lemma T_holomorphic: "f \<in> hol_disc \<Longrightarrow> T f holomorphic_on ball 0 1"
  using linear by (auto simp: hol_linear_def hol_disc_def)

lemma T_lincomb:
  "f \<in> hol_disc \<Longrightarrow> g \<in> hol_disc \<Longrightarrow> z \<in> ball 0 1 \<Longrightarrow>
    T (\<lambda>w. a * f w + b * g w) z = a * T f z + b * T g z"
  using linear by (simp add: hol_linear_def)

lemma T_affine: "z \<in> ball 0 1 \<Longrightarrow> T (\<lambda>w. a + b * w) z = a * T (\<lambda>_. 1) z + b * T (\<lambda>w. w) z"
  using T_lincomb[of "\<lambda>_. 1" "\<lambda>w. w" z a b] by simp

lemma T_norm_le_sup_norm_r:
  assumes "f \<in> hol_disc" "r = r1 \<or> r = r2" "z \<in> cball 0 r"
  shows "cmod (T f z) \<le> sup_norm_r r f"
proof -
  have "cmod (T f z) \<le> sup_norm_r r (T f)"
    using assms radii
    by (intro sup_norm_r_upper continuous_on_cball_if_holomorphic_on_disc T_holomorphic) auto
  also have "\<dots> = sup_norm_r r f" using assms isometric_r1 isometric_r2 by auto
  finally show ?thesis .
qed

lemma T_id_norm_le: "r = r1 \<or> r = r2 \<Longrightarrow> z \<in> cball 0 r \<Longrightarrow> cmod (T (\<lambda>w. w) z) \<le> r"
  using T_norm_le_sup_norm_r[of "\<lambda>w. w" r z] sup_norm_r_id_le[of r] radii by fastforce

lemma T_one_eq_unimodular_constant:
  obtains \<alpha> where "cmod \<alpha> = 1" "\<And>z. z \<in> ball 0 1 \<Longrightarrow> T (\<lambda>_. 1) z = \<alpha>"
proof -
  have norms: "sup_norm_r r1 (T (\<lambda>_. 1)) = 1" "sup_norm_r r2 (T (\<lambda>_. 1)) = 1"
    using radii isometric_r1 isometric_r2 by (simp_all add: sup_norm_r_const)
  have "T (\<lambda>_. 1) constant_on ball 0 1"
    using radii norms
    by (intro constant_on_disc_if_sup_norm_r_eq[of _ r1 r2] T_holomorphic) simp_all
  then obtain \<alpha> where \<alpha>: "\<And>z. z \<in> ball 0 1 \<Longrightarrow> T (\<lambda>_. 1) z = \<alpha>"
    by (auto simp: constant_on_def)
  have "sup_norm_r r1 (T (\<lambda>_. 1)) = sup_norm_r r1 (\<lambda>_. \<alpha>)"
    using radii \<alpha> by (intro sup_norm_r_cong_norm) auto
  then have "cmod \<alpha> = 1" using norms radii by (simp add: sup_norm_r_const)
  with \<alpha> that show ?thesis by blast
qed

context
  fixes \<alpha> :: complex
  assumes \<alpha>: "cmod \<alpha> = 1" "\<And>z. z \<in> ball 0 1 \<Longrightarrow> T (\<lambda>_. 1) z = \<alpha>"
begin

lemma sphere_subset_T_id_image:
  shows "sphere 0 r1 \<subseteq> (\<lambda>z. cnj \<alpha> * T (\<lambda>w. w) z) ` cball 0 r1"
proof (rule sphere_subset_image_if_sup_norm_r_ge)
  have \<alpha>\<alpha>: "cnj \<alpha> * \<alpha> = 1" using \<alpha>(1) complex_norm_square[of \<alpha>] by (simp add: mult.commute)
  show "0 < r1" using radii by simp
  show "continuous_on (cball 0 r1) (\<lambda>z. cnj \<alpha> * T (\<lambda>w. w) z)"
    using radii
    by (intro continuous_intros continuous_on_cball_if_holomorphic_on_disc T_holomorphic) auto
  show "cmod (cnj \<alpha> * T (\<lambda>w. w) z) \<le> r1" if "z \<in> cball 0 r1" for z
    using T_id_norm_le[of r1 z] that \<alpha>(1) by (simp add: norm_mult)
  fix e :: complex assume e: "cmod e = 1"
  have ee: "cnj e * e = 1" using e complex_norm_square[of e] by (simp add: mult.commute)
  have "1 + r1 = cmod (complex_of_real (1 + r1))"
    using radii by (simp only: norm_of_real)
  also have "\<dots> = cmod (1 + cnj e * (r1 * e))"
    by (simp add: mult.left_commute[of _ "of_real r1"] ee)
  also have "\<dots> \<le> sup_norm_r r1 (\<lambda>w. 1 + cnj e * w)"
    using e radii by (intro sup_norm_r_upper continuous_intros) (simp add: norm_mult)
  also have "\<dots> = sup_norm_r r1 (T (\<lambda>w. 1 + cnj e * w))"
    by (rule isometric_r1[symmetric]) (simp add: hol_disc_def holomorphic_intros)
  also have "\<dots> = sup_norm_r r1 (\<lambda>z. 1 + cnj e * (cnj \<alpha> * T (\<lambda>w. w) z))"
  proof (rule sup_norm_r_cong_norm)
    fix z :: complex assume "z \<in> cball 0 r1"
    then have z: "z \<in> ball 0 1" using radii by simp
    have "cmod (T (\<lambda>w. 1 + cnj e * w) z) = cmod (cnj \<alpha> * (\<alpha> + cnj e * T (\<lambda>w. w) z))"
      using T_affine[OF z, of 1 "cnj e"] \<alpha> z by (simp add: norm_mult)
    also have "cnj \<alpha> * (\<alpha> + cnj e * T (\<lambda>w. w) z) = cnj \<alpha> * \<alpha> + cnj e * (cnj \<alpha> * T (\<lambda>w. w) z)"
      by (simp add: algebra_simps)
    finally show "cmod (T (\<lambda>w. 1 + cnj e * w) z) = cmod (1 + cnj e * (cnj \<alpha> * T (\<lambda>w. w) z))"
      using \<alpha>\<alpha> by simp
  qed
  finally show "1 + r1 \<le> sup_norm_r r1 (\<lambda>z. 1 + cnj e * (cnj \<alpha> * T (\<lambda>w. w) z))" by simp
qed

lemma T_id_eq_rotation:
  obtains \<beta> where "cmod \<beta> = 1" "\<And>z. z \<in> ball 0 r2 \<Longrightarrow> T (\<lambda>w. w) z = \<alpha> * (\<beta> * z)"
proof -
  define h where "h = (\<lambda>z. cnj \<alpha> * T (\<lambda>w. w) z)"
  have "h holomorphic_on ball 0 1"
    unfolding h_def by (intro holomorphic_intros T_holomorphic id_in_hol_disc)
  then have hol: "h holomorphic_on ball 0 r2" by (rule holomorphic_on_subset) (use radii in auto)
  have into: "h ` ball 0 r2 \<subseteq> cball 0 r2"
    using T_id_norm_le[of r2] \<alpha>(1) by (auto simp: h_def norm_mult)
  note sphere = sphere_subset_T_id_image[folded h_def]
  obtain b where b: "cmod b = 1" "\<And>z. z \<in> ball 0 r2 \<Longrightarrow> h z = b * z"
    by (rule holomorphic_map_rotation_if_sphere_in_image[OF hol into _ _ sphere]) (use radii in simp_all)
  show ?thesis
  proof (rule that[OF b(1)])
    fix z :: complex assume "z \<in> ball 0 r2"
    have "T (\<lambda>w. w) z = (\<alpha> * cnj \<alpha>) * T (\<lambda>w. w) z" using \<alpha>(1) complex_norm_square[of \<alpha>] by simp
    also have "\<dots> = \<alpha> * h z" by (simp add: h_def)
    finally show "T (\<lambda>w. w) z = \<alpha> * (b * z)" using b(2)[OF \<open>z \<in> ball 0 r2\<close>] by simp
  qed
qed

context
  fixes \<beta> :: complex
  assumes \<beta>: "cmod \<beta> = 1" "\<And>z. z \<in> ball 0 r2 \<Longrightarrow> T (\<lambda>w. w) z = \<alpha> * (\<beta> * z)"
begin

lemma T_eq_on_sphere:
  assumes f: "f \<in> hol_disc" and z: "cmod z = r1"
  shows "T f z = \<alpha> * f (\<beta> * z)"
proof -
  have \<alpha>\<alpha>: "cnj \<alpha> * \<alpha> = 1" using \<alpha>(1) complex_norm_square[of \<alpha>] by (simp add: mult.commute)
  have z_in: "z \<in> ball 0 1" "z \<in> ball 0 r2" "z \<in> cball 0 r1" using z radii by auto
  have "cnj \<alpha> * T f z = f (\<beta> * z)"
  proof (rule contractive_functional_eq_evaluation[where \<phi> = "\<lambda>g. cnj \<alpha> * T g z" and p = "\<beta> * z"])
    show "0 < r1" "r1 < 1" using radii by simp_all
    show "cmod (\<beta> * z) = r1" using \<beta>(1) z by (simp add: norm_mult)
    show "cnj \<alpha> * T (\<lambda>w. a * g w + b * h w) z = a * (cnj \<alpha> * T g z) + b * (cnj \<alpha> * T h z)"
      if "g \<in> hol_disc" "h \<in> hol_disc" for g h a b
      using T_lincomb[OF that z_in(1)] by (simp add: algebra_simps)
    show "cmod (cnj \<alpha> * T g z) \<le> sup_norm_r r1 g" if "g \<in> hol_disc" for g
      using T_norm_le_sup_norm_r[OF that _ z_in(3)] \<alpha>(1) by (simp add: norm_mult)
    show "cnj \<alpha> * T (\<lambda>_. 1) z = 1" using \<alpha>(2)[OF z_in(1)] \<alpha>\<alpha> by simp
    show "cnj \<alpha> * T (\<lambda>w. w) z = \<beta> * z"
      using \<beta>(2)[OF z_in(2)] \<alpha>\<alpha> by (simp add: mult.assoc[symmetric])
  qed (rule f)
  then show ?thesis using \<alpha>\<alpha> by (metis mult.assoc mult.commute mult_1)
qed

lemma T_eq_rotation:
  assumes f: "f \<in> hol_disc" and z: "z \<in> ball 0 1"
  shows "T f z = \<alpha> * f (\<beta> * z)"
proof (rule holomorphic_eq_on_disc_if_eq_on_sphere[where f = "T f" and g = "\<lambda>z. \<alpha> * f (\<beta> * z)"])
  show "T f holomorphic_on ball 0 1" using f by (rule T_holomorphic)
  show "(\<lambda>z. \<alpha> * f (\<beta> * z)) holomorphic_on ball 0 1"
    using f \<beta>(1)
    by (intro holomorphic_intros holomorphic_on_disc_compose_mult) (simp_all add: hol_disc_def)
  show "T f w = \<alpha> * f (\<beta> * w)" if "cmod w = r1" for w
    using T_eq_on_sphere[OF f that] .
qed (use radii z in auto)

end

end

end

theorem theorem2p1:
  fixes r1 r2 :: real
    and T :: "(complex \<Rightarrow> complex) \<Rightarrow> (complex \<Rightarrow> complex)"
  assumes "0 < r1" and "r1 < r2" and "r2 < 1"
    and "hol_linear T" and "hol_continuous T"
    and "\<And>f. f \<in> hol_disc \<Longrightarrow> sup_norm_r r1 (T f) = sup_norm_r r1 f"
    and "\<And>f. f \<in> hol_disc \<Longrightarrow> sup_norm_r r2 (T f) = sup_norm_r r2 f"
  shows "\<exists>\<alpha> \<beta> :: complex. cmod \<alpha> = 1 \<and> cmod \<beta> = 1 \<and>
           (\<forall>f\<in>hol_disc. \<forall>z\<in>ball 0 1. T f z = \<alpha> * f (\<beta> * z))"
proof -
  interpret two_radii_isometry r1 r2 T
    using assms(1-4,6,7) by unfold_locales
  obtain \<alpha> where \<alpha>: "cmod \<alpha> = 1" "\<And>z. z \<in> ball 0 1 \<Longrightarrow> T (\<lambda>_. 1) z = \<alpha>"
    using T_one_eq_unimodular_constant by blast
  obtain \<beta> where \<beta>: "cmod \<beta> = 1" "\<And>z. z \<in> ball 0 r2 \<Longrightarrow> T (\<lambda>w. w) z = \<alpha> * (\<beta> * z)"
    using T_id_eq_rotation[OF \<alpha>] by blast
  show ?thesis
    using \<alpha>(1) \<beta>(1) T_eq_rotation[OF \<alpha> \<beta>] by blast
qed

end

──────

▶ _Task_: Your answer should reproduce each line of the listing that holds the word "assms".

▶ _Written solution_:
    using assms radii
  also have "\<dots> = sup_norm_r r f" using assms isometric_r1 isometric_r2 by auto
    using assms(1-4,6,7) by unfold_locales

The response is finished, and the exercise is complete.